A plausible implication is that OPeRA’s framework will facilitate the development and evaluation of adaptive and personalized recommendation engines, automated UI/UX analytics, and agent-based behavioral simulations with a level of user-specific granularity previously unavailable.
5. Limitations and Design Considerations
- Rationale Sparsity: Rationales are randomly solicited and available only for a subset of steps (~8% of actions), which restricts dense joint modeling; however, they are precisely aligned with user intent at key decision points.
- Action Stream Granularity: Actions are logged at the level of granular browser events (clicks, inputs, scrolls), yet mapping from action logs to higher-order shopping intentions may require additional annotation or inference.
- Session Segmentation: Temporal thresholds and purchase heuristic segmentation are empirically defined; edge cases (e.g., long idle periods, multi-tabbed flows) may introduce ambiguity in session boundaries.

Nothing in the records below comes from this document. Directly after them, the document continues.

lemma hahn_banach_normed:
  fixes g :: "'a::real_normed_vector \<Rightarrow> real"
  assumes Y: "subspace Y" and "0 \<le> c"
    and g_add: "\<And>x y. x \<in> Y \<Longrightarrow> y \<in> Y \<Longrightarrow> g (x + y) = g x + g y"
    and g_scale: "\<And>x a. x \<in> Y \<Longrightarrow> g (a *\<^sub>R x) = a * g x"
    and g_le: "\<And>y. y \<in> Y \<Longrightarrow> \<bar>g y\<bar> \<le> c * norm y"
  shows "\<exists>f. (\<forall>y\<in>Y. blinfun_apply f y = g y) \<and> norm f \<le> c"
proof -
  have "\<exists>h. (\<forall>x\<in>Y. h x = g x) \<and> (\<forall>x\<in>UNIV. \<forall>y\<in>UNIV. h (x + y) = h x + h y)
      \<and> (\<forall>x\<in>UNIV. \<forall>a. h (a *\<^sub>R x) = a * h x) \<and> (\<forall>x\<in>UNIV. h x \<le> c * norm x)"
  proof (rule hahn_banach[OF subspace_UNIV Y])
    show "c * norm (x + y) \<le> c * norm x + c * norm y" for x y :: 'a
      using mult_left_mono[OF norm_triangle_ineq \<open>0 \<le> c\<close>] by (simp add: distrib_left)
    show "g x \<le> c * norm x" if "x \<in> Y" for x
      using g_le[OF that] by simp
  qed (use g_add g_scale in auto)
  then obtain h where h_g: "\<And>x. x \<in> Y \<Longrightarrow> h x = g x"
    and h_add: "\<And>x y. h (x + y) = h x + h y" and h_scale: "\<And>a x. h (a *\<^sub>R x) = a * h x"
    and h_le: "\<And>x. h x \<le> c * norm x"
    by blast
  have h_lin: "linear h"
    by (simp add: linear_iff h_add h_scale)
  have h_abs: "\<bar>h x\<bar> \<le> c * norm x" for x
    using h_le[of x] h_le[of "- x"] linear_neg[OF h_lin, of x] by simp
  then have "bounded_linear h"
    using h_lin by (auto simp: bounded_linear_def bounded_linear_axioms_def mult.commute)
  then show ?thesis
    using h_g h_abs \<open>0 \<le> c\<close>
    by (intro exI[of _ "Blinfun h"]) (simp add: bounded_linear_Blinfun_apply norm_blinfun_bound)
qed

lemma line_coordinate:
  fixes x :: "'b::real_vector"
  assumes "x \<noteq> 0"
  obtains \<phi> where "\<And>t. \<phi> (t *\<^sub>R x) = t"
proof
  show "(SOME s. t *\<^sub>R x = s *\<^sub>R x) = t" for t
    using assms by (intro some_equality) auto
qed

lemma norming_functional:
  fixes y :: "'a::real_normed_vector"
  shows "\<exists>f. norm f \<le> 1 \<and> blinfun_apply f y = norm y"
proof (cases "y = 0")
  case True
  then show ?thesis
    by (intro exI[of _ 0]) simp
next
  case False
  then obtain \<phi> where \<phi>: "\<And>t. \<phi> (t *\<^sub>R y) = t"
    using line_coordinate by blast
  have "\<exists>f. (\<forall>v\<in>span {y}. blinfun_apply f v = \<phi> v * norm y) \<and> norm f \<le> 1"
    by (rule hahn_banach_normed[OF subspace_span])
      (auto simp: span_singleton \<phi> abs_mult algebra_simps simp flip: scaleR_add_left)
  then obtain f where "\<forall>v\<in>span {y}. blinfun_apply f v = \<phi> v * norm y" "norm f \<le> 1"
    by blast
  moreover have "\<phi> y = 1"
    using \<phi>[of 1] by simp
  ultimately show ?thesis
    by (metis mult_1 span_base singletonI)
qed

section \<open>Dimension of a set\<close>

lemma span_diffs_translate:
  assumes "a \<in> A"
  shows "span ((\<lambda>x. x - a) ` A) = span {x - y | x y. x \<in> A \<and> y \<in> A}"
  unfolding span_eq
proof
  show "(\<lambda>x. x - a) ` A \<subseteq> span {x - y | x y. x \<in> A \<and> y \<in> A}"
    using assms by (auto intro!: span_base)
  have "x - y \<in> span ((\<lambda>x. x - a) ` A)" if "x \<in> A" "y \<in> A" for x y
  proof -
    have "(x - a) - (y - a) \<in> span ((\<lambda>x. x - a) ` A)"
      using that by (intro span_diff span_base) auto
    then show ?thesis by simp
  qed
  then show "{x - y | x y. x \<in> A \<and> y \<in> A} \<subseteq> span ((\<lambda>x. x - a) ` A)"
    by blast
qed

- Population Representativeness: While personas are robustly characterized, the generalizability to broader global populations outside the paper sample is a consideration for scaling.
- Visual Modality: Although screenshots are captured and stored, the primary modeling and benchmark reported does not leverage image-based signals; future extensions may explore multimodal fusion.
6. Significance for Future Human-Agent Research
OPeRA is the first public dataset to integrate observations, actions, rationales, and user-specific persona characterization into a unified structure for evaluating LLM performance in human online shopping simulation (Wang et al., 5 Jun 2025). By enabling exacting benchmarks for next action and rationale prediction, the dataset provides a foundation for research into explainable, personalized digital twins, recommendation systems, and interactive agent strategies tuned to individual user profiles. The collection strategy and evaluation schema establish methodological standards for future datasets intended to capture the full spectrum of human-agent context, behavior, and motivation.